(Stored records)
==*==

(* Let $\mathcal{I}_\nu$ be as in the context. Then: (a) If $\nu\in\left(-1,-\tfrac12\right]$, the function $x\mapsto \mathcal{I}_\nu'(x)$ is strictly log-concave on $(0,\infty)$. (b) If $\nu>-1$, the function $x\mapsto \mathcal{I}_\nu'(x)$ is strictly log-concave on $\left(0,\sqrt{2(\nu+3)}\right)$. (c) If $\nu>-\tfrac12$, there exists $x_\nu>\sqrt{2(\nu+3)}$ such that $x\mapsto\mathcal{I}_\nu'(x)$ is strictly log-concave on $(0,x_\nu)$ and strictly log-convex on $(x_\nu,\infty)$.
   Context: For $\nu>-1$ define $\mathcal{I}_\nu:\mathbb{R}\to[1,\infty)$ by $\mathcal{I}_\nu(x)=\sum_{n\ge0}\frac{(1/4)^n}{(\nu+1)_n\, n!}x^{2n}$, where $(a)_n=a(a+1)\cdots(a+n-1)$, $(a)_0=1$. Equivalently $\mathcal{I}_\nu(x)=2^\nu\Gamma(\nu+1)x^{-\nu}I_\nu(x)$ for $x>0$, where $I_\nu$ is the modified Bessel function of the first kind. Note $\mathcal{I}_\nu'(x)>0$ for $x>0$. *)

theory Defs
  imports "HOL-Analysis.Analysis"
begin

definition Ical :: "real \<Rightarrow> real \<Rightarrow> real" where
  "Ical \<nu> x = (\<Sum>n. (1/4)^n / (pochhammer (\<nu> + 1) n * fact n) * x ^ (2*n))"

definition strict_convex_on :: "real set \<Rightarrow> (real \<Rightarrow> real) \<Rightarrow> bool" where
  "strict_convex_on S f \<longleftrightarrow>
     (\<forall>x\<in>S. \<forall>y\<in>S. x \<noteq> y \<longrightarrow> (\<forall>t. 0 < t \<and> t < 1 \<longrightarrow>
        f ((1 - t) * x + t * y) < (1 - t) * f x + t * f y))"

definition strict_log_concave_on :: "real set \<Rightarrow> (real \<Rightarrow> real) \<Rightarrow> bool" where
  "strict_log_concave_on S f \<longleftrightarrow> (\<forall>x\<in>S. 0 < f x) \<and> strict_convex_on S (\<lambda>x. - ln (f x))"

definition strict_log_convex_on :: "real set \<Rightarrow> (real \<Rightarrow> real) \<Rightarrow> bool" where
  "strict_log_convex_on S f \<longleftrightarrow> (\<forall>x\<in>S. 0 < f x) \<and> strict_convex_on S (\<lambda>x. ln (f x))"

end

theory Submission
  imports Defs "HOL-Computational_Algebra.Formal_Power_Series"
begin
(* Let $\beta\geq2$ be an integer, and let $$u(z)=\frac{(1-|z|^2)^{2\beta-1}}{|1-z|^{2\beta}},\quad z\in\mathbb{D}.$$ Then there exist real constants $a$ and $b$ such that for every $\varphi\in C^2(\mathbb{T})$, $$\langle u_r,\varphi\rangle=a\varphi(1)+b(1-r)\varphi(1)+O((1-r)^2)\quad\text{as } r\to1.$$ In particular, the distributional boundary value and inward normal derivative of $u$ are $$f_0=\lim_{r\to1}u_r=a\delta_1\quad\text{and}\quad f_1=\partial_n u=\lim_{r\to1}(u_r-f_0)/(1-r)=b\delta_1\quad\text{in }\mathcal{D}'(\mathbb{T}).$$
   Context: $\mathbb{D}$ is the open unit disc and $\mathbb{T}=\partial\mathbb{D}$ the unit circle. For a function $u$ on $\mathbb{D}$ and $0\le r<1$, $u_r$ denotes the function on $\mathbb{T}$ given by $u_r(e^{i\theta})=u(re^{i\theta})$. The pairing is $\langle g,\varphi\rangle=\frac{1}{2\pi}\int_0^{2\pi}g(e^{i\theta})\varphi(e^{i\theta})\,d\theta$ for integrable $g$, extended to distributions $\mathcal{D}'(\mathbb{T})$ in the standard way; $\delta_1$ is the unit Dirac mass at $1\in\mathbb{T}$, i.e. $\langle\delta_1,\varphi\rangle=\varphi(1)$. Limits in $\mathcal{D}'(\mathbb{T})$ are in the distributional (weak) sense. *)

theory Defs
  imports "HOL-Analysis.Analysis" "HOL-Library.Landau_Symbols"
begin

definition u_fun :: "nat \<Rightarrow> complex \<Rightarrow> real" where
  "u_fun \<beta> z = (1 - (cmod z)^2) ^ (2*\<beta> - 1) / (cmod (1 - z)) ^ (2*\<beta>)"

definition C2_circle :: "(complex \<Rightarrow> complex) \<Rightarrow> bool" where
  "C2_circle \<phi> \<longleftrightarrow> (\<exists>\<phi>1 \<phi>2.
      (\<forall>t. ((\<lambda>\<theta>. \<phi> (cis \<theta>)) has_vector_derivative \<phi>1 t) (at t)) \<and>
      (\<forall>t. (\<phi>1 has_vector_derivative \<phi>2 t) (at t)) \<and>
      continuous_on UNIV \<phi>2)"

definition pairing :: "(complex \<Rightarrow> complex) \<Rightarrow> (complex \<Rightarrow> complex) \<Rightarrow> complex" where
  "pairing g \<phi> = integral {0..2*pi} (\<lambda>\<theta>. g (cis \<theta>) * \<phi> (cis \<theta>)) / of_real (2*pi)"

definition restr :: "(complex \<Rightarrow> real) \<Rightarrow> real \<Rightarrow> complex \<Rightarrow> complex" where
  "restr u r w = of_real (u (of_real r * w))"

end

theory Submission
  imports Defs "HOL-Computational_Algebra.Polynomial"
begin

==*==

### AIM OF THE TASK
Going through the entries above, tally every line that contains the string "restr", then state only the total.

### TASK RESPONSE
2